Now, I still have some research to do before I go out and purchase (need to get my firearms ID card -- yay New Jersey!) and need to get my family more comfortable with the idea of having a handgun in the house -- properly locked up in a safe, of course.

I'm not interested in owning a gun for self defense, only for going to the range for target practice. Therefore, it will live in a safe until I leave for the range, and will get cleaned, and locked back up.

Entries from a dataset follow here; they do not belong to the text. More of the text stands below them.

(* Let $\gamma\geq0$ and $G=(V,E,\omega)\in\mathcal C_\gamma$. Define, for $i,j\in V$, $\tilde\omega_{ij}:=-d_j^r\sum_{m=1}^{n-1}\Lambda_m\phi^m_i\phi^m_j$ if $i\neq j$ and $\tilde\omega_{ii}:=0$. Then $\tilde\omega_{ij}\geq0$ for all $i,j\in V$, and $\omega_{ij}>0$ implies $\tilde\omega_{ij}>0$. If, additionally, $G\in\mathcal C$, then $\tilde\omega_{ij}\geq d_i^{-r}\omega_{ij}$ for all $i,j\in V$.
   Context: $\mathcal{G}$ is the set of finite, simple, connected, undirected, edge-weighted graphs $G=(V,E,\omega)$ with $V=\{1,\dots,n\}$, $n\geq2$, weights $\omega_{ij}=\omega_{ji}>0$ on edges, $0$ otherwise. $d_i=\sum_j\omega_{ij}$. $\mathcal V$: functions $V\to\mathbb R$. Fixed $r\in[0,1]$: $\langle u,v\rangle_{\mathcal V}=\sum_id_i^ru_iv_i$, $(\Delta u)_i=d_i^{-r}\sum_j\omega_{ij}(u_i-u_j)$, $\mathcal M(u)=\sum_id_i^ru_i$, $\mathrm{vol}(V)=\sum_id_i^r$, $\mathcal A(u)=\frac{\mathcal M(u)}{\mathrm{vol}(V)}\chi_V$. $0=\lambda_0<\lambda_1\leq\dots\leq\lambda_{n-1}$: eigenvalues of $\Delta$ with $\langle\cdot,\cdot\rangle_{\mathcal V}$-orthonormal eigenfunctions $\phi^0=\mathrm{vol}(V)^{-1/2}\chi_V,\phi^1,\dots,\phi^{n-1}$; $\Lambda_m=\lambda_m+\gamma/\lambda_m$ for $m\geq1$. Equilibrium measure $\nu^S$ ($S\subsetneq V$): unique $\nu\in\mathcal V$ with $(\Delta\nu)_i=1$ on $S$, $\nu=0$ off $S$. $f^j:=\nu^{V\setminus\{j\}}-\mathcal A(\nu^{V\setminus\{j\}})$. $\mathcal C=\{G\in\mathcal G:\forall j\ \forall i\neq j:\ f^j_i\geq0\}$; $\mathcal C^0=\{G\in\mathcal G:\forall j\ \forall i\neq j:\ \omega_{ij}>0\text{ or }f^j_i\geq0\}$; for $\gamma>0$, $\mathcal C_\gamma=\{G\in\mathcal C^0:\forall j\ \forall i\neq j:\ \omega_{ij}=0\text{ or }d_i^{-r}\omega_{ij}+\gamma\frac{d_j^r}{\mathrm{vol}(V)}f^j_i>0\}$; $\mathcal C_0:=\mathcal G$. *)

theory Defs
  imports Complex_Main
begin

text \<open>A weighted graph on V = {1..n} is given by n and a weight function w.
  Vertex functions are functions nat => real (only values on V matter, except
  where stated).\<close>

definition verts :: "nat \<Rightarrow> nat set" where
  "verts n = {1..n}"

definition wgraph :: "nat \<Rightarrow> (nat \<Rightarrow> nat \<Rightarrow> real) \<Rightarrow> bool" where
  "wgraph n w \<longleftrightarrow> n \<ge> 2
     \<and> (\<forall>i\<in>verts n. \<forall>j\<in>verts n. w i j = w j i \<and> w i j \<ge> 0)
     \<and> (\<forall>i\<in>verts n. w i i = 0)
     \<and> (\<forall>i\<in>verts n. \<forall>j\<in>verts n.
          (i, j) \<in> {(a, b). a \<in> verts n \<and> b \<in> verts n \<and> w a b > 0}\<^sup>*)"

definition deg :: "nat \<Rightarrow> (nat \<Rightarrow> nat \<Rightarrow> real) \<Rightarrow> nat \<Rightarrow> real" where
  "deg n w i = (\<Sum>j\<in>verts n. w i j)"

definition vinner :: "nat \<Rightarrow> (nat \<Rightarrow> nat \<Rightarrow> real) \<Rightarrow> real \<Rightarrow> (nat \<Rightarrow> real) \<Rightarrow> (nat \<Rightarrow> real) \<Rightarrow> real" where
  "vinner n w r u v = (\<Sum>i\<in>verts n. deg n w i powr r * u i * v i)"

definition glap :: "nat \<Rightarrow> (nat \<Rightarrow> nat \<Rightarrow> real) \<Rightarrow> real \<Rightarrow> (nat \<Rightarrow> real) \<Rightarrow> nat \<Rightarrow> real" where
  "glap n w r u i = deg n w i powr (-r) * (\<Sum>j\<in>verts n. w i j * (u i - u j))"

definition gmass :: "nat \<Rightarrow> (nat \<Rightarrow> nat \<Rightarrow> real) \<Rightarrow> real \<Rightarrow> (nat \<Rightarrow> real) \<Rightarrow> real" where
  "gmass n w r u = (\<Sum>i\<in>verts n. deg n w i powr r * u i)"

definition gvol :: "nat \<Rightarrow> (nat \<Rightarrow> nat \<Rightarrow> real) \<Rightarrow> real \<Rightarrow> real" where
  "gvol n w r = (\<Sum>i\<in>verts n. deg n w i powr r)"

definition gavg :: "nat \<Rightarrow> (nat \<Rightarrow> nat \<Rightarrow> real) \<Rightarrow> real \<Rightarrow> (nat \<Rightarrow> real) \<Rightarrow> nat \<Rightarrow> real" where
  "gavg n w r u i = (if i \<in> verts n then gmass n w r u / gvol n w r else 0)"

definition eqmeas :: "nat \<Rightarrow> (nat \<Rightarrow> nat \<Rightarrow> real) \<Rightarrow> real \<Rightarrow> nat set \<Rightarrow> nat \<Rightarrow> real" where
  "eqmeas n w r S = (THE \<nu>. (\<forall>i\<in>S. glap n w r \<nu> i = 1) \<and> (\<forall>i. i \<notin> S \<longrightarrow> \<nu> i = 0))"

I'll probably get a .22 to start, and eventually a 9mm or .45 down the road.


----------



## chessail77 (Mar 15, 2011)

Hi and welcome ...might want to go straight to a 9mm and try a Sig SP 2022 in 9mm....or get a Sig 1911 .45 as your instructor had and also a conversion kit to shoot the same gun in .22 lr make practice and range shooting cheap and fun and still gives you a .45 for other things...........JJ


----------



## hideit (Oct 3, 2007)

taking what you said for target shooting and not self defense then get a RUGER mkiii 
go to their web site and see the different models - they have in this line the 22/45 which has a grip angle the same as a 1911
they well a lot with the bull barrel
i have the 22/45 bull barrel and love the target shooting
until you get all the shots in a tight group stay with the 22 due to costs, then step up to a full size 9mm when you are ready. (examples glock 34, beretta 92fs, 1911 in 9mm)
the 9mm ammo is the cheapest to afford of all the center fired pistol ammo - and quite versitile in bullet types and energy
also subscribe to the NRA -


----------



## beretta9mm (Feb 13, 2012)

Welcome also from Jersey


----------



## tplyons (Sep 23, 2012)

Thanks for the input hideit! Unfortunately, I didn't like the Ruger at all... the trigger seemed extremely heavy and stiff, whereas the P22 felt much smoother.

My groups were pretty tight at about five yards off hand with the P22... actually, it sounds like I'm talking myself into my first purchase!

Now waiting for the paperwork


----------



## Easy_CZ (Jul 20, 2012)

Welcome from Oklahoma! Good luck in your gun hunt. Lots of great options out there in 9mm.

Steel-framed guns like the CZ 75B or the CZ 75 SP-01 make great range guns. They have fantastic ergonomics, great balance, are extremely accurate, offer a sweet DA/SA trigger and are typically less than $500.









My CZ 75 Compact


----------



## BurgerBoy (Apr 24, 2012)

Welcome from Western Kentucky.


----------